If the moles dissociated would have been 2x', then

2SO3(g) ⇄ 2SO2(g) + 1/2O2(g)

Initially                          a            0         0

At equilibrium            a–2x '       2x '      x'

α = 2X/a'

Let us now derive the relation between vapour density and the degree of dissociation.

Assuming gaseous components at equilibrium behaves ideally, we can apply ideal gas equation.

PV = nRT = W/m *RT

M = w/v x RT/P = ρRT/P

V. D. = ρRT/2nRT x v = ρV/2n [since molar mass = 2 × V.D.]

Since P = nRT/V

V.D. = ρRT/2nRT x V = ρV/2n

For a reaction at equilibrium, volume of the vessel (V) and density of gaseous mixture (ρ) is a constant.

V. D. ∝ 1/n

Total moles at equilibrium/Initial number of moles = Vapour density initial/Vapour Density at equilibrium

Let us consider a general equilibrium reaction,

A(g) ⇄ nB(g)

Initially                    c           0

At equilibrium    c(1−α)      cnα

Total moles at equilibrium = c − cα + cnα = c[1 + α(n−1)]

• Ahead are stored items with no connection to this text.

(* There exist absolute constants $c,c'>0$ such that the following holds. Let $G=(V,E)$ be an unweighted undirected graph, let $\ell\ge1$ be an integer, let $V=A_0\supseteq A_1\supseteq\cdots\supseteq A_{\ell-1}\supseteq A_\ell=\emptyset$ be arbitrary nested vertex sets, and let $H$ (with weights $\omega'$) be the Thorup–Zwick edge set defined in the context. Let $0<\epsilon<1/6$ with $1/\epsilon$ an integer. Then for every $i\in\{0,1,\dots,\ell-1\}$ and every pair $x,y\in V$ with $d_G(x,y)\le(1/\epsilon)^i$, at least one of the following holds: (1) (successful) $d_H(x,y)\le d_G(x,y)+c\cdot i\cdot(1/\epsilon)^{i-1}$; (2) (failing) $d_G(x,A_{i+1})\le c'\cdot(1/\epsilon)^i$. In particular, for $i=\ell-1$ (where $d_G(x,A_\ell)=\infty$) alternative (1) always holds.
   Context: Thorup–Zwick construction: given nested sets $V=A_0\supseteq A_1\supseteq\cdots\supseteq A_\ell=\emptyset$, write $d_G(v,S)=\min_{s\in S}d_G(v,s)$ with $d_G(v,\emptyset)=\infty$. For $v\in V$ and $j$ with $A_j\neq\emptyset$, the pivot $p_j(v)$ is a vertex of $A_j$ closest to $v$ (ties broken consistently). For $0\le i\le\ell-1$ and $u\in A_i\setminus A_{i+1}$, the bunch is $B(u)=\{v\in A_i: d_G(u,v)<d_G(u,A_{i+1})\}\cup\{p_{i+1}(u)\}$ (the pivot term omitted if $A_{i+1}=\emptyset$; thus $B(u)=A_{\ell-1}$ for $u\in A_{\ell-1}$). The edge set is $H=\{(u,v):u\in V, v\in B(u)\}\cup\{(v,p_j(v)): v\in V,\ 1\le j\le \ell-1,\ A_j\neq\emptyset\}$, each edge $(u,v)$ having weight $\omega'(u,v)=d_G(u,v)$. $d_H$ denotes shortest-path distance in the weighted graph $(V,H,\omega')$. *)

theory Defs
  imports Complex_Main "HOL-Library.Extended_Real"
begin

text \<open>Unweighted undirected graph: vertex set V :: nat set, edge relation E (symmetric, E \<subseteq> V \<times> V).
A walk is a nonempty list of vertices of V with consecutive vertices adjacent.\<close>

definition walk :: "nat set \<Rightarrow> (nat \<times> nat) set \<Rightarrow> nat list \<Rightarrow> bool" where
  "walk V E xs \<longleftrightarrow> xs \<noteq> [] \<and> set xs \<subseteq> V \<and>
     (\<forall>k. Suc k < length xs \<longrightarrow> (xs ! k, xs ! Suc k) \<in> E)"

definition gdist :: "nat set \<Rightarrow> (nat \<times> nat) set \<Rightarrow> nat \<Rightarrow> nat \<Rightarrow> enat" where
  "gdist V E u v = Inf {enat (length xs - 1) | xs. walk V E xs \<and> hd xs = u \<and> last xs = v}"

definition setdist :: "nat set \<Rightarrow> (nat \<times> nat) set \<Rightarrow> nat \<Rightarrow> nat set \<Rightarrow> enat" where
  "setdist V E v S = (INF s\<in>S. gdist V E v s)"

definition is_pivot :: "nat set \<Rightarrow> (nat \<times> nat) set \<Rightarrow> (nat \<Rightarrow> nat set) \<Rightarrow> nat \<Rightarrow> (nat \<Rightarrow> nat \<Rightarrow> nat) \<Rightarrow> bool" where
  "is_pivot V E A l p \<longleftrightarrow> (\<forall>v\<in>V. \<forall>j\<le>l. A j \<noteq> {} \<longrightarrow>
      p j v \<in> A j \<and> gdist V E v (p j v) = setdist V E v (A j))"

text \<open>Bunch of u at level i (used for u \<in> A i - A (i+1)).\<close>
definition bunch :: "nat set \<Rightarrow> (nat \<times> nat) set \<Rightarrow> (nat \<Rightarrow> nat set) \<Rightarrow> (nat \<Rightarrow> nat \<Rightarrow> nat) \<Rightarrow> nat \<Rightarrow> nat \<Rightarrow> nat set" where
  "bunch V E A p i u = {v \<in> A i. gdist V E u v < setdist V E u (A (Suc i))}
      \<union> (if A (Suc i) = {} then {} else {p (Suc i) u})"

definition TZ_edges :: "nat set \<Rightarrow> (nat \<times> nat) set \<Rightarrow> (nat \<Rightarrow> nat set) \<Rightarrow> nat \<Rightarrow> (nat \<Rightarrow> nat \<Rightarrow> nat) \<Rightarrow> (nat \<times> nat) set" where
  "TZ_edges V E A l p =
     {(u, v). \<exists>i<l. u \<in> A i - A (Suc i) \<and> v \<in> bunch V E A p i u}
     \<union> {(v, p j v) | v j. v \<in> V \<and> 1 \<le> j \<and> j \<le> l - 1 \<and> A j \<noteq> {}}"

definition wdist :: "(nat \<times> nat) set \<Rightarrow> (nat \<Rightarrow> nat \<Rightarrow> enat) \<Rightarrow> nat \<Rightarrow> nat \<Rightarrow> enat" where
  "wdist H w u v = Inf {(\<Sum>k<length xs - 1. w (xs ! k) (xs ! Suc k)) | xs.
      xs \<noteq> [] \<and> hd xs = u \<and> last xs = v \<and>
      (\<forall>k. Suc k < length xs \<longrightarrow> (xs ! k, xs ! Suc k) \<in> H \<union> H\<inverse>)}"

end

theory Submission
  imports Defs
begin

text \<open>Induction on the level \<open>i\<close>, with distance scale \<open>L = (1/\<epsilon>)\<^sup>i\<close>. A shortest
  \<open>x\<close>-\<open>y\<close> path at scale \<open>D\<cdot>L\<close> (\<open>D = 1/\<epsilon>\<close>) is cut into \<open>D\<close> pieces of length at most \<open>L\<close>.
  If level \<open>i\<close> succeeds on every piece, the additive errors simply add up. Otherwise let \<open>a\<close> be
  the first endpoint of the first failing piece and \<open>b\<close> the last endpoint of the last one: both
  are within \<open>4L\<close> of \<open>A\<^sub>i\<^sub>+\<^sub>1\<close>. Unless \<open>x\<close> itself is within \<open>4DL\<close> of \<open>A\<^sub>i\<^sub>+\<^sub>2\<close>, the pivot
  \<open>a'\<close> of \<open>a\<close> lies outside \<open>A\<^sub>i\<^sub>+\<^sub>2\<close> and the pivot \<open>b'\<close> of \<open>b\<close> lies in the bunch of \<open>a'\<close>, so
  the path \<open>a, a', b', b\<close> in \<open>H\<close> bridges all failing pieces at an extra cost of \<open>16L\<close>.\<close>

lemma walk_singleton [simp]: "walk V E [x] \<longleftrightarrow> x \<in> V"
  by (simp add: walk_def)

lemma walk_Cons_Cons [simp]:
  "walk V E (x # y # zs) \<longleftrightarrow> x \<in> V \<and> (x, y) \<in> E \<and> walk V E (y # zs)"
proof
  assume w: "walk V E (x # y # zs)"
  have "((y # zs) ! k, (y # zs) ! Suc k) \<in> E" if "Suc k < length (y # zs)" for k
    using w that unfolding walk_def by (metis Suc_less_eq length_Cons nth_Cons_Suc)
  with w show "x \<in> V \<and> (x, y) \<in> E \<and> walk V E (y # zs)"
    unfolding walk_def by fastforce
next
  assume "x \<in> V \<and> (x, y) \<in> E \<and> walk V E (y # zs)"
  then show "walk V E (x # y # zs)"
    unfolding walk_def by (auto simp: less_Suc_eq_0_disj)
qed

lemma walk_append:
  "walk V E xs \<Longrightarrow> walk V E ys \<Longrightarrow> last xs = hd ys \<Longrightarrow> walk V E (xs @ tl ys)"
proof (induction xs rule: induct_list012)
  case (2 x)
  then show ?case by (cases ys) (auto simp: walk_def)
next
  case (3 x y zs)
  then show ?case by simp
qed (simp add: walk_def)

lemma walk_rev: "sym E \<Longrightarrow> walk V E xs \<Longrightarrow> walk V E (rev xs)"
proof (induction xs rule: induct_list012)
  case (3 x y zs)
  have "walk V E (rev (y # zs))" "walk V E [y, x]"
    using 3 by (simp, cases zs) (auto dest: symD)
  from walk_append[OF this] show ?case by simp
qed auto

lemma walk_drop_take:
  assumes "walk V E xs" "j \<le> k" "k < length xs"
  shows "walk V E (drop j (take (Suc k) xs))"
  using assms unfolding walk_def
  by (auto simp: min_def dest: in_set_dropD in_set_takeD)

lemma gdist_le_walk:
  "walk V E xs \<Longrightarrow> hd xs = u \<Longrightarrow> last xs = v \<Longrightarrow> gdist V E u v \<le> enat (length xs - 1)"
  unfolding gdist_def by (rule Inf_lower) blast

lemma gdist_attained:
  assumes "gdist V E u v \<noteq> \<infinity>"
  obtains xs where "walk V E xs" "hd xs = u" "last xs = v" "gdist V E u v = enat (length xs - 1)"
proof -
  let ?S = "{enat (length xs - 1) | xs. walk V E xs \<and> hd xs = u \<and> last xs = v}"
  have "?S \<noteq> {}"
    using assms unfolding gdist_def by (auto simp: top_enat_def[symmetric])
  then have "Inf ?S \<in> ?S"
    by (meson ex_in_conv wellorder_InfI)
  then show thesis
    using that unfolding gdist_def by blast
qed

lemma gdist_self: "u \<in> V \<Longrightarrow> gdist V E u u = 0"
  using gdist_le_walk[of V E "[u]" u u] by (simp add: zero_enat_def[symmetric])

Let the initial vapour density and the vapour density at equilibrium be D and d respectively.

c[1 + α (n - 1)]/c = D/d

1 + α(n−1) = D/d

α = (D-d)/(n-1)d

Knowing the value of D and d, α can be calculated.

For example,

SO3(g) ⇄ SO2(g) + ½O2(g)

Initially                        c              0             0

At equilibrium         c − cα       cα             cα/2

Total moles at equilibrium =

c(1 + α/2)

c(1 + α/2)/c = D/d

α = (2(D-d)/d)

[Note: This method is valid only for those equilibrium reactions whose Kp exists and Δn ≠ 0 i.e. equilibrium having at least one gas and no solution component]